**EXERCISE GOAL:**
Copy out each line of the listing below that contains the word "auto".

---------- GIVEN ENTRIES ----------

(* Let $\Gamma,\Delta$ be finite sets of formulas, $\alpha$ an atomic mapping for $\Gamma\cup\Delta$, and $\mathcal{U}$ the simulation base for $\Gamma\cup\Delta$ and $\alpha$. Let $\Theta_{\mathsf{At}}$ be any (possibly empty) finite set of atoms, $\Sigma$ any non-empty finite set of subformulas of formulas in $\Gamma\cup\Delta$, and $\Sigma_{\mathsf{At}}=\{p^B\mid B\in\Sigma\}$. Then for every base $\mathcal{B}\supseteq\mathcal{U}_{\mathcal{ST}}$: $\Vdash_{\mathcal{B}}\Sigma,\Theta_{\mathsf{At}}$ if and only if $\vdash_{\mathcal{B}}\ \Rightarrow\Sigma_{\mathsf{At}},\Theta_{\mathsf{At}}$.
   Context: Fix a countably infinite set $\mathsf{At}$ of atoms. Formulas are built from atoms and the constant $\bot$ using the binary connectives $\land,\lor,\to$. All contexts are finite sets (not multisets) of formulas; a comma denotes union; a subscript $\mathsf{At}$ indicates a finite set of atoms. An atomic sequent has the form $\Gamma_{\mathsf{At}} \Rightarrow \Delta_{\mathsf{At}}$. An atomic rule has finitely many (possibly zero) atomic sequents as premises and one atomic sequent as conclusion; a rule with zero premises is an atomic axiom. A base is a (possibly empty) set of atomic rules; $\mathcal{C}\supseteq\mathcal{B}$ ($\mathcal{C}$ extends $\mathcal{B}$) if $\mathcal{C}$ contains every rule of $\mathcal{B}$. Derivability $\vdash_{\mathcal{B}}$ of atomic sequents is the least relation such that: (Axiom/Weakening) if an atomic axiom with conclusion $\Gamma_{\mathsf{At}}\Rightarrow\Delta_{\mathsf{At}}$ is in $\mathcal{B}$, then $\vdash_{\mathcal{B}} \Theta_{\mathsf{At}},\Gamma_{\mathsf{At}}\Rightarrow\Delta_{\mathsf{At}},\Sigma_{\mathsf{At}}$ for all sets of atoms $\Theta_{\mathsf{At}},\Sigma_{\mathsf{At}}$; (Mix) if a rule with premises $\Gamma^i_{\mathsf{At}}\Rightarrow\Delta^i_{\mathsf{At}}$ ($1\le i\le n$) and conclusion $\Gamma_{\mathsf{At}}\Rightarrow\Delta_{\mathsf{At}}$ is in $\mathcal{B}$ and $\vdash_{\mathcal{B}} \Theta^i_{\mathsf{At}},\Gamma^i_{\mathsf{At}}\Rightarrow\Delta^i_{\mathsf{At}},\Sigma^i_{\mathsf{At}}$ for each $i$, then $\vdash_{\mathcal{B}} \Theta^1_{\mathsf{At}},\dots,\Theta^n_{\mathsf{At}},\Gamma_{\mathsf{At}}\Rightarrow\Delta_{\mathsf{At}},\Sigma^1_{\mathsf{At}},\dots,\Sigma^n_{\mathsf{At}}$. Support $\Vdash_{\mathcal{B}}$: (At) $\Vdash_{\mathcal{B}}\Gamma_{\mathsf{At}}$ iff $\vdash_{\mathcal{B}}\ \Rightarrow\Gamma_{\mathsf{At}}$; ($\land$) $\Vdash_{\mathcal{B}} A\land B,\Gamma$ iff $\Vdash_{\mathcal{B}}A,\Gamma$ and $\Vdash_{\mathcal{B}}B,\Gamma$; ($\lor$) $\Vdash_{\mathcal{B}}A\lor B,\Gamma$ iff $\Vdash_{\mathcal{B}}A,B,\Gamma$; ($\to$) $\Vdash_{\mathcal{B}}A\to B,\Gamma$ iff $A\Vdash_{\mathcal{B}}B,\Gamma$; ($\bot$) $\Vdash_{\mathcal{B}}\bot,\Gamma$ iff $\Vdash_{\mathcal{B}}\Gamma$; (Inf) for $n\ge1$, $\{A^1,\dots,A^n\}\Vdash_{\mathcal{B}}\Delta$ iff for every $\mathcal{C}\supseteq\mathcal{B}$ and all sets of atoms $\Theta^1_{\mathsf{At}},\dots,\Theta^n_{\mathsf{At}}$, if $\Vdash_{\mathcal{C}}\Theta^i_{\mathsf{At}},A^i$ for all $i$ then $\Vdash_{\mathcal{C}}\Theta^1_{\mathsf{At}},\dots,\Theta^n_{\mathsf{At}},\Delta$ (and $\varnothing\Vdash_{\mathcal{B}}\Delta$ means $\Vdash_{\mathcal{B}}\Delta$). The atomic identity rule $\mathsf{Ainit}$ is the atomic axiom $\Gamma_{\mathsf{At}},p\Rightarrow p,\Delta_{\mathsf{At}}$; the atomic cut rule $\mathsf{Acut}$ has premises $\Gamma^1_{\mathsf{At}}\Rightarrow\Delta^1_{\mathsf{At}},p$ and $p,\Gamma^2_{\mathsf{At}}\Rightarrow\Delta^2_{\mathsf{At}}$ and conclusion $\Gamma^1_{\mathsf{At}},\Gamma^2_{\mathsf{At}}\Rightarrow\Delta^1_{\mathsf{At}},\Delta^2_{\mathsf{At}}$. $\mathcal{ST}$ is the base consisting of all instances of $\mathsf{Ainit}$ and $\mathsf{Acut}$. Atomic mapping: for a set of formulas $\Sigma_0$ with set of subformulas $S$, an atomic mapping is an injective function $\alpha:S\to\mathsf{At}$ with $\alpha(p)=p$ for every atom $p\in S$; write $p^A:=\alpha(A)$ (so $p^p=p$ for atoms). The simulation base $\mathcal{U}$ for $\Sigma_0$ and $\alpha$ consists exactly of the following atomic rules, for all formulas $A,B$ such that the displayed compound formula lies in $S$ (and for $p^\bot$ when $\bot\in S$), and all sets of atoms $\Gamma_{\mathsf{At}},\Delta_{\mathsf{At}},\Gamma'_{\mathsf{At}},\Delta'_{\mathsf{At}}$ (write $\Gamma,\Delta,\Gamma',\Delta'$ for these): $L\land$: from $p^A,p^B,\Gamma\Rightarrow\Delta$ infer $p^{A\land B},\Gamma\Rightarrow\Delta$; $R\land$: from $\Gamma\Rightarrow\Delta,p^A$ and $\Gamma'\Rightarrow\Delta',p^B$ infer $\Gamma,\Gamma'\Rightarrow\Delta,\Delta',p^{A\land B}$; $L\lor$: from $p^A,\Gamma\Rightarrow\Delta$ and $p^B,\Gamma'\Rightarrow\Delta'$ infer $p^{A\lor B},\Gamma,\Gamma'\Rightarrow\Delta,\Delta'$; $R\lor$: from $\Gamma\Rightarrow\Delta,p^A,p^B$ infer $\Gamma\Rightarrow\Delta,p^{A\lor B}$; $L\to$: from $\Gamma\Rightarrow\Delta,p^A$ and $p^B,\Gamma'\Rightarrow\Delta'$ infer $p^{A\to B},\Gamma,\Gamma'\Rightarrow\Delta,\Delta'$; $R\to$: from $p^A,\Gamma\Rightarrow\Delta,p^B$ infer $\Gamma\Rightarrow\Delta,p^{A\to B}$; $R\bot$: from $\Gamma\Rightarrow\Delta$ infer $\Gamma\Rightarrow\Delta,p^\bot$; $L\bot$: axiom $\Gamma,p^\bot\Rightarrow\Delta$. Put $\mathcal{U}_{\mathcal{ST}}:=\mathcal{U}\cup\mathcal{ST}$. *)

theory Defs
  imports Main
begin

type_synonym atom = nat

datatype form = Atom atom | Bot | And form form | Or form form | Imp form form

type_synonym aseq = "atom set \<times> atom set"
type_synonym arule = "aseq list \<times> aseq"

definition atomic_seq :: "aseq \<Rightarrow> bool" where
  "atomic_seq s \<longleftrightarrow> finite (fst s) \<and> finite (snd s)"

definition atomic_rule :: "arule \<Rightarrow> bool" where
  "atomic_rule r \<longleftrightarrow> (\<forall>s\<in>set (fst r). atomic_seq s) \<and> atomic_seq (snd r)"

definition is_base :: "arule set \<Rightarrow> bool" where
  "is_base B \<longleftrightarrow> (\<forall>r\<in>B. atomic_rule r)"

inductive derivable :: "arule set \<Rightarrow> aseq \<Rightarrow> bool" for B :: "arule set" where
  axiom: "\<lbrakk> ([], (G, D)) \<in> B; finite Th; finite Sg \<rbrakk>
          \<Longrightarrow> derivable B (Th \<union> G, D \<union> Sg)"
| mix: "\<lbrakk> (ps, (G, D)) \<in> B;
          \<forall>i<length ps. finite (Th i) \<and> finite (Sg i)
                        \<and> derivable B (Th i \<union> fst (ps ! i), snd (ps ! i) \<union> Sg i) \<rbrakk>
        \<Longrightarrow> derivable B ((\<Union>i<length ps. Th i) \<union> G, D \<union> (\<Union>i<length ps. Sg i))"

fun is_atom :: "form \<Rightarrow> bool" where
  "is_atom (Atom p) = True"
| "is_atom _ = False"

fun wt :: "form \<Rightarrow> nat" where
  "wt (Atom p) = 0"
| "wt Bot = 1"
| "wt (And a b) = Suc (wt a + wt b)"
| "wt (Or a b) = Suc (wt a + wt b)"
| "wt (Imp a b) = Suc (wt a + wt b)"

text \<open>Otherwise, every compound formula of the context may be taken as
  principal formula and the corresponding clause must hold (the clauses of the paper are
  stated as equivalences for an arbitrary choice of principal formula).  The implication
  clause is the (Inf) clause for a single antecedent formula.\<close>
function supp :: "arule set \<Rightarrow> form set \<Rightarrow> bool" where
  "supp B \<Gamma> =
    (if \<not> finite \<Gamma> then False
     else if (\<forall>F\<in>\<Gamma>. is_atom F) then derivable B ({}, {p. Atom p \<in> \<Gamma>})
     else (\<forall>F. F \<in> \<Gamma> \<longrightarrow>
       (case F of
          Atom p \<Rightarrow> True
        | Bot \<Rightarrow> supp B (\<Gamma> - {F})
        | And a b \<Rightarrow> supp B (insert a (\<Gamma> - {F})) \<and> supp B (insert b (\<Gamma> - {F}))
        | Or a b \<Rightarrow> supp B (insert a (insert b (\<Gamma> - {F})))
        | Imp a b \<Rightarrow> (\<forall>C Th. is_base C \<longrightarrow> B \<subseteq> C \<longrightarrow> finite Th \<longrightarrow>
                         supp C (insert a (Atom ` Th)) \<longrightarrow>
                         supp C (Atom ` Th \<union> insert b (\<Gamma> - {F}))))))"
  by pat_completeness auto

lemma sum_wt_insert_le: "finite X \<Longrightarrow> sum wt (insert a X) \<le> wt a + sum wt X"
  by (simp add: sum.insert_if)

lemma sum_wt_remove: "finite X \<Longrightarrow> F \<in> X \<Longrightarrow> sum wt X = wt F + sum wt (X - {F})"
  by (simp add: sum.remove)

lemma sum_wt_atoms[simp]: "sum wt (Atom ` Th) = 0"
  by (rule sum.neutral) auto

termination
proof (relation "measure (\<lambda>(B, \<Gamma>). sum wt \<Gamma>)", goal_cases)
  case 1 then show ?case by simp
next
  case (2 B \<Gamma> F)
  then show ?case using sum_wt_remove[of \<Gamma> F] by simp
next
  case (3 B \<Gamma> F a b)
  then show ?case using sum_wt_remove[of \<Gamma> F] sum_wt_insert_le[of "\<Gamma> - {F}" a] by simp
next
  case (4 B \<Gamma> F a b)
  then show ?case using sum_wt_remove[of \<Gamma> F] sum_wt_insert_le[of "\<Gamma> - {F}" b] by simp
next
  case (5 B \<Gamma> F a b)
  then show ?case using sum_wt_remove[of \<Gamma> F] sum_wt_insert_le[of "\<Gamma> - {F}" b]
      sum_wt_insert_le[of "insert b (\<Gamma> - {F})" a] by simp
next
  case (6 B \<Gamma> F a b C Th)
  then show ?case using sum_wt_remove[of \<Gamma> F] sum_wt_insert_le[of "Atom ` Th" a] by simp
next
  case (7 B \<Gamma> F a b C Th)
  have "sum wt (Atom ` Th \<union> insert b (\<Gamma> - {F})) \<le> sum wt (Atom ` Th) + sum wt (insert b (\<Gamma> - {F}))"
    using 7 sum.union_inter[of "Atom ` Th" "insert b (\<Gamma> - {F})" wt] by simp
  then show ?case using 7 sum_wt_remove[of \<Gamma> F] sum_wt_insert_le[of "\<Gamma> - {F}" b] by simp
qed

----------

**OUTPUT OF THE EXERCISE:**
  by pat_completeness auto
  by (rule sum.neutral) auto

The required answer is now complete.